● Recorded data:
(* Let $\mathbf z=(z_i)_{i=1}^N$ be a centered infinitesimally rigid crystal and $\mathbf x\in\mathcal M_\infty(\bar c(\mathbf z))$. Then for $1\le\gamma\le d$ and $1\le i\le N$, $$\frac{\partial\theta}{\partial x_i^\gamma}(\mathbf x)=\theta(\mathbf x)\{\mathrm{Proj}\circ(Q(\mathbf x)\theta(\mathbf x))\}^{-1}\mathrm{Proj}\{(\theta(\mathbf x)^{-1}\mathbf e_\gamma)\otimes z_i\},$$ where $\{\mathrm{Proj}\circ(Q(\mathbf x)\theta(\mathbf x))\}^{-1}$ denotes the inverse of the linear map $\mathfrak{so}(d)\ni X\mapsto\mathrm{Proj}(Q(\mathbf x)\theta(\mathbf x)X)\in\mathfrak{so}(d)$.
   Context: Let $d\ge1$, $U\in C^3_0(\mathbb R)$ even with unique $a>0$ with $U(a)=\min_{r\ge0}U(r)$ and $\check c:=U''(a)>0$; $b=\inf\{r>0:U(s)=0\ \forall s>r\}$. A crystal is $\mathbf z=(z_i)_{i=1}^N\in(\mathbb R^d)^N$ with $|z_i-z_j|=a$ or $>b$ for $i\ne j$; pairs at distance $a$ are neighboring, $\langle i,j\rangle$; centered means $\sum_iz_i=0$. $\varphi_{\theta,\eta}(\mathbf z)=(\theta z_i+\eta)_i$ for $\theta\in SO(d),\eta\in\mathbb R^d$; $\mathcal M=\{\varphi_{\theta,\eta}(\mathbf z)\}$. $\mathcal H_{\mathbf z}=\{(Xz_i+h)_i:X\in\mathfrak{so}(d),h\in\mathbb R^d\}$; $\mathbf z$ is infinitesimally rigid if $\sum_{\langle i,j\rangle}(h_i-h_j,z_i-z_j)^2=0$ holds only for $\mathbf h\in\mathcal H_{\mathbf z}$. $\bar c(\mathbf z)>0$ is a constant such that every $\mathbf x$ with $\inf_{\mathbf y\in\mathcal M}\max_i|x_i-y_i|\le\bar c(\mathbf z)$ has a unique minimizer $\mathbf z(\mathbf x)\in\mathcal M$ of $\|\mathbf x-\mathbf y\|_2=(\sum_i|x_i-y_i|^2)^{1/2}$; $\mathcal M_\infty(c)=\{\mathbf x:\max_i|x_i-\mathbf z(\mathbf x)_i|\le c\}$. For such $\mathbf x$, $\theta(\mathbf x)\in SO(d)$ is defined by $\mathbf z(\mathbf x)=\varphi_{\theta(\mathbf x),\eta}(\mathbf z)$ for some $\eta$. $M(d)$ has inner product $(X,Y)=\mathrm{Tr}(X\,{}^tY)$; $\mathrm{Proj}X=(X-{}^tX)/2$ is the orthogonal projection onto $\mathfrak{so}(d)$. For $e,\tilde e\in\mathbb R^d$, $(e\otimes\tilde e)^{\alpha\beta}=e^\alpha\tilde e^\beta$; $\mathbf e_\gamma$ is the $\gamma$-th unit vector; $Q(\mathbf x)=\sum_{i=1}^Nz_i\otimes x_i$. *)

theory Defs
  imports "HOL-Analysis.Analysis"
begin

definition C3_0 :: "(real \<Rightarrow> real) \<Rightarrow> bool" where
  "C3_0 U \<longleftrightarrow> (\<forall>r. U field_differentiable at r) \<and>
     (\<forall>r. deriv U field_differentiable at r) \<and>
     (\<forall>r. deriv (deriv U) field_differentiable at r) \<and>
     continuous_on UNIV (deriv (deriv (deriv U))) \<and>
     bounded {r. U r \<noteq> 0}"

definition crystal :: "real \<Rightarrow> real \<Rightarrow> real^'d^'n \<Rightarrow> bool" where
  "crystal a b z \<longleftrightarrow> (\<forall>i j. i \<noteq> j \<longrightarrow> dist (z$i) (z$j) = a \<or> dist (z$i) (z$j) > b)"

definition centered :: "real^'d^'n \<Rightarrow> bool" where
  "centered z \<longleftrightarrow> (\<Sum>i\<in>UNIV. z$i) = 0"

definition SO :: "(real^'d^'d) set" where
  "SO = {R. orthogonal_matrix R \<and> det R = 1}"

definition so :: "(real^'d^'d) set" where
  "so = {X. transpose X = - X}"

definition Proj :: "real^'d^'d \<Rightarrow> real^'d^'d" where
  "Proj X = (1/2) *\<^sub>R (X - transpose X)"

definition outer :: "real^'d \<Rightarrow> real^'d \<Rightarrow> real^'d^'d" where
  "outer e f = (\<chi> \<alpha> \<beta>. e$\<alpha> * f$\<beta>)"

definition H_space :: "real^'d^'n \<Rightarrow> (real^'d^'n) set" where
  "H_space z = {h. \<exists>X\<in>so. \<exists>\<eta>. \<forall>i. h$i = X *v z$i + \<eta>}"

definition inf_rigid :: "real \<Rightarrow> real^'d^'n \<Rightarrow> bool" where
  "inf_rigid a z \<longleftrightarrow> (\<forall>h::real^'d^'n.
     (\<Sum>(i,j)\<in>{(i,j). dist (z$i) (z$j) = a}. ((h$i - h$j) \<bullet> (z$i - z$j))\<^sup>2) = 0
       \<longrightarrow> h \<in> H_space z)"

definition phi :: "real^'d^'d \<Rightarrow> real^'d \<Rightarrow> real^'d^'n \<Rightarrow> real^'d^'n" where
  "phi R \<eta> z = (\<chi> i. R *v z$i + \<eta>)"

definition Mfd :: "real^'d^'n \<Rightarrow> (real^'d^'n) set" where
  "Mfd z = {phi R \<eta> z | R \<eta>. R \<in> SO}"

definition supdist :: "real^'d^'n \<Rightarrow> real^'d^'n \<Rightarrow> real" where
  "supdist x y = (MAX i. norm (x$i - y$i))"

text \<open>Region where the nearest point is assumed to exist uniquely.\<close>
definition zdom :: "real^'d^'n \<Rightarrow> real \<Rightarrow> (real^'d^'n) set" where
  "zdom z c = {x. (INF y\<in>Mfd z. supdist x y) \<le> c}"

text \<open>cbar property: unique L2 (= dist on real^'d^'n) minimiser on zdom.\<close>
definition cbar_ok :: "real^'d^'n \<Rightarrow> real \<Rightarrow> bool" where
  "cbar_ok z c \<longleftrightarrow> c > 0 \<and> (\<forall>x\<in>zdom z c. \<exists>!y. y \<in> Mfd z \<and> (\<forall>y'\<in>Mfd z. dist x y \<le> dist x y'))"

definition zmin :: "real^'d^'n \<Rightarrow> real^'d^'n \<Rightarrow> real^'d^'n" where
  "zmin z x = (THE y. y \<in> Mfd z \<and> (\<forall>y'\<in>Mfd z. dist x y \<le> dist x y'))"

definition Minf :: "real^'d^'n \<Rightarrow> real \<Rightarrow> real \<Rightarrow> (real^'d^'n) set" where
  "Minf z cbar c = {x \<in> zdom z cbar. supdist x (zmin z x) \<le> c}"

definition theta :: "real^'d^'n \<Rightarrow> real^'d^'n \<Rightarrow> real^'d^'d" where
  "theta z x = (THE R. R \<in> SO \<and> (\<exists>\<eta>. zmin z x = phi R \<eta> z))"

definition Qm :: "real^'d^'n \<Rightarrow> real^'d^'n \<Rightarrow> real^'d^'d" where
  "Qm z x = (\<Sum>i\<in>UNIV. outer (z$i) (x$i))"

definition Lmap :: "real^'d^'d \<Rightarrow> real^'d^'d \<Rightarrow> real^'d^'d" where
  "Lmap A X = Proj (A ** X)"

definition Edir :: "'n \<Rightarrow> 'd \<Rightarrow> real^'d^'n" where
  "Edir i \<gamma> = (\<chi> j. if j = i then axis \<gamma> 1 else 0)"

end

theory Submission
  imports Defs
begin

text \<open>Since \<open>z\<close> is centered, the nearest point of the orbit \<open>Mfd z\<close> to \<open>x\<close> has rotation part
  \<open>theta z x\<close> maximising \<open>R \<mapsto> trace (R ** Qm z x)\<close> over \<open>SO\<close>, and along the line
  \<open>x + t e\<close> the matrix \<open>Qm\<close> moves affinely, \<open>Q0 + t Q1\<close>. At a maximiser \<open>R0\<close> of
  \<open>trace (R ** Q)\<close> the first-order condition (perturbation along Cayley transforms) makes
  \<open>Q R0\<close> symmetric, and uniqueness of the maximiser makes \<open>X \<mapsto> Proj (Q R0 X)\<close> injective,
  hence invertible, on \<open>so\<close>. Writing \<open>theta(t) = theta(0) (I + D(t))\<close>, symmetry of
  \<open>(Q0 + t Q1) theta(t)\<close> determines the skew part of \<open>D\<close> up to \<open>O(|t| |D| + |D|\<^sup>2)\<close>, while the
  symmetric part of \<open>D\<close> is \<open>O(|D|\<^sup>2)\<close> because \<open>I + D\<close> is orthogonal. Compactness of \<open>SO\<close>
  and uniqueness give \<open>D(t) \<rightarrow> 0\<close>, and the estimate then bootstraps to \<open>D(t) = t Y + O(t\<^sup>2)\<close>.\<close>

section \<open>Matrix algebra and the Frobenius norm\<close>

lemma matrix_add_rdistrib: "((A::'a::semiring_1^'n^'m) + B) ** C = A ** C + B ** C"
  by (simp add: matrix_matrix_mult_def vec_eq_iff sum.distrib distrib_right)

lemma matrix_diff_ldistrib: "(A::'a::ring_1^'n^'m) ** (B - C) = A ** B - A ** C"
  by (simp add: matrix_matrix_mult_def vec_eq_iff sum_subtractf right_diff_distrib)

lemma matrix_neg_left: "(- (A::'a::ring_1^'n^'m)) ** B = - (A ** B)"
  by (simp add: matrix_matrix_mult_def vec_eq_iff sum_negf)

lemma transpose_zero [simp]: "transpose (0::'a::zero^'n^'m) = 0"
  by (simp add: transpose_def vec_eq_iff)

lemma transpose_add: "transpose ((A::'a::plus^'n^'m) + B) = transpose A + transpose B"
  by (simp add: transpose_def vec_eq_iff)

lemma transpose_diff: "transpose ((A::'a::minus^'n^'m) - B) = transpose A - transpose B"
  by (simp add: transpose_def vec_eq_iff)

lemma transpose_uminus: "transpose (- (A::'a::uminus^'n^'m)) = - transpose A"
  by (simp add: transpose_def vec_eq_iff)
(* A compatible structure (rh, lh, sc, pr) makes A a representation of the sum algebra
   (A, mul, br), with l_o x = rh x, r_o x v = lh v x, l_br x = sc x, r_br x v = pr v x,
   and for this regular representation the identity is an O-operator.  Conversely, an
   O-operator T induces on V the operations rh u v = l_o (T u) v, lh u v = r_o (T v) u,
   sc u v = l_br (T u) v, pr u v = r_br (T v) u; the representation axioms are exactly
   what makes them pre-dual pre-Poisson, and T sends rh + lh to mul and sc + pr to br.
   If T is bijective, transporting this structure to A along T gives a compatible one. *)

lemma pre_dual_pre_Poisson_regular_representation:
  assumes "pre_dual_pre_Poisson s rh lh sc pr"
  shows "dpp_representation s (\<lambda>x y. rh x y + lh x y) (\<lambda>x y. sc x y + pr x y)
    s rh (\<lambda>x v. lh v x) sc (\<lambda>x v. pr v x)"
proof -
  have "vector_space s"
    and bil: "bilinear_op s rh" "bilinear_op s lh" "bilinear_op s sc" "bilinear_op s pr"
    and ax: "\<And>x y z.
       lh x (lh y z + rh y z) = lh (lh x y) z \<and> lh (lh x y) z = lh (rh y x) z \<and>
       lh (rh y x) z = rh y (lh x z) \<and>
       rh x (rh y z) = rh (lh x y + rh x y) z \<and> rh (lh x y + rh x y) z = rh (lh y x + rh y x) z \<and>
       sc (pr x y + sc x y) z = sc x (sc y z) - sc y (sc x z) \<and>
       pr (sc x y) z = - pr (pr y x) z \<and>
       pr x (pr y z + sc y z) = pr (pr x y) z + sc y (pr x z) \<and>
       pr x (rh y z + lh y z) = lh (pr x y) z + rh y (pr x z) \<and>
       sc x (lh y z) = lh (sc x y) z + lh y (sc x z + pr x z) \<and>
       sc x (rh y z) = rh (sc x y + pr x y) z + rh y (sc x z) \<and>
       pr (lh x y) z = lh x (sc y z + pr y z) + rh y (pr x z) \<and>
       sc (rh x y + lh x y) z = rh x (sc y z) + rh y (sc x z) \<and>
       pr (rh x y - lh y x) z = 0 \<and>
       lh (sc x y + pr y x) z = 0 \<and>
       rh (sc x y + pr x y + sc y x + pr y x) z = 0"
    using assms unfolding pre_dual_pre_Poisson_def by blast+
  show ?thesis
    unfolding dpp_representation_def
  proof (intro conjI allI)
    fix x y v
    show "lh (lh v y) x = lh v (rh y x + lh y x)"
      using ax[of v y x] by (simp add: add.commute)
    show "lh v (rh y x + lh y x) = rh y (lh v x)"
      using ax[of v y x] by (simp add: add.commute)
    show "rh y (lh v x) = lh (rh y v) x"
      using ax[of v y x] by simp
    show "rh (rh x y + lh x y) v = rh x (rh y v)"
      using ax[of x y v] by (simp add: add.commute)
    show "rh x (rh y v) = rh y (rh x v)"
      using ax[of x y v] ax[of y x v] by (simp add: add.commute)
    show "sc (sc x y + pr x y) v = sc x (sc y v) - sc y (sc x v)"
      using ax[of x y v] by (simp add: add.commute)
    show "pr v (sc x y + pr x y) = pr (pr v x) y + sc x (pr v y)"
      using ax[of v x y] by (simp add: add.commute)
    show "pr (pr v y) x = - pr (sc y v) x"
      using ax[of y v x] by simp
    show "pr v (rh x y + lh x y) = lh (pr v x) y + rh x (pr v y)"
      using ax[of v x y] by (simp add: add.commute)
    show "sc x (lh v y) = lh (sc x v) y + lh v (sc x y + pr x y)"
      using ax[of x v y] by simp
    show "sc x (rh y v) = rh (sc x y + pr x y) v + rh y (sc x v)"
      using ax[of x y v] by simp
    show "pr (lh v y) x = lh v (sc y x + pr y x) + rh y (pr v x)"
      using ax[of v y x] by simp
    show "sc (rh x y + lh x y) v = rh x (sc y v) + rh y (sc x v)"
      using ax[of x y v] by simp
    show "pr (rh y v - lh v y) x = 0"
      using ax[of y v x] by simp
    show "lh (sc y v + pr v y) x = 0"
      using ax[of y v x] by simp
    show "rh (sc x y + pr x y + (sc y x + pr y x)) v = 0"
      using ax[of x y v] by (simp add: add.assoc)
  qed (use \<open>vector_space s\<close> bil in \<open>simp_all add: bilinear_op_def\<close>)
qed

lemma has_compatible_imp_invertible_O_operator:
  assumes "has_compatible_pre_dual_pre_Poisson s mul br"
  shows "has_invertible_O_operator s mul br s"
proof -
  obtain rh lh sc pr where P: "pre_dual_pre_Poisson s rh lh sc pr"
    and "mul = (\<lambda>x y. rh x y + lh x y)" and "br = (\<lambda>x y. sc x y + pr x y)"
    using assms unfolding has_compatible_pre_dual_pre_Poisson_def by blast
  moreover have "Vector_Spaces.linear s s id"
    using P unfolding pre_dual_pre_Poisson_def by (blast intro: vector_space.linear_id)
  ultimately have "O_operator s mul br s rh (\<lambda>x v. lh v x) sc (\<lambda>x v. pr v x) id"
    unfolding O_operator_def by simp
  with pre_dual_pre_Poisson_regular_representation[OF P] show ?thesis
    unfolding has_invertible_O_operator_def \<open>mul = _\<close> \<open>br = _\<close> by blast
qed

● Directions for this task:
Identify each line of the material where the word "exists" shows up, and copy it.

● Your solution:
  "H_space z = {h. \<exists>X\<in>so. \<exists>\<eta>. \<forall>i. h$i = X *v z$i + \<eta>}"
  "cbar_ok z c \<longleftrightarrow> c > 0 \<and> (\<forall>x\<in>zdom z c. \<exists>!y. y \<in> Mfd z \<and> (\<forall>y'\<in>Mfd z. dist x y \<le> dist x y'))"
  "theta z x = (THE R. R \<in> SO \<and> (\<exists>\<eta>. zmin z x = phi R \<eta> z))"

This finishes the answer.